======== Provided records ========

lemma card_missing_edge_pairs_le:
  assumes disj: "A \<inter> B = {}" and fin: "finite A" "finite B"
    and close: "delta_close \<delta> (bip_edges E A B) (bip_edges E' A B)" and "0 \<le> \<delta>"
  shows "real (card {(a, b). a \<in> A \<and> b \<in> B \<and> {a, b} \<in> E' - E}) \<le> \<delta> * real (edge_count E' A B)"
proof -
  let ?pair = "\<lambda>(a, b). {a, b}"
  let ?missing = "{(a, b). a \<in> A \<and> b \<in> B \<and> {a, b} \<in> E' - E}"
  have bip_eq: "bip_edges F A B = ?pair ` {(a, b). a \<in> A \<and> b \<in> B \<and> {a, b} \<in> F}" for F
    unfolding bip_edges_def by auto
  have fin_pairs: "finite {(a, b). a \<in> A \<and> b \<in> B \<and> P a b}" for P
    by (rule finite_subset[of _ "A \<times> B"]) (use fin in auto)
  have fin_bip: "finite (bip_edges F A B)" for F
    unfolding bip_eq by (intro finite_imageI fin_pairs)
  have "inj_on ?pair ?missing"
    using disj by (auto simp: inj_on_def doubleton_eq_iff)
  then have "card ?missing = card (?pair ` ?missing)" by (simp add: card_image)
  also have "\<dots> \<le> card (bip_edges E' A B - bip_edges E A B)"
    by (intro card_mono finite_Diff fin_bip) (auto simp: bip_edges_def)
  also have "\<dots> \<le> card ((bip_edges E A B - bip_edges E' A B) \<union> (bip_edges E' A B - bip_edges E A B))"
    by (intro card_mono) (auto simp: fin_bip)
  finally have "real (card ?missing) \<le> \<delta> * real (card (bip_edges E' A B))"
    using close unfolding delta_close_def by linarith
  also have "card (bip_edges E' A B) \<le> edge_count E' A B"
    unfolding bip_eq edge_count_def by (rule card_image_le[OF fin_pairs])
  then have "\<delta> * real (card (bip_edges E' A B)) \<le> \<delta> * real (edge_count E' A B)"
    using \<open>0 \<le> \<delta>\<close> by (intro mult_left_mono) auto
  finally show ?thesis .
qed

========

> **Exercise prompt**
If a line in the entries contains "disj", copy it.

> **Answer area**
  assumes disj: "A \<inter> B = {}" and fin: "finite A" "finite B"
    using disj by (auto simp: inj_on_def doubleton_eq_iff)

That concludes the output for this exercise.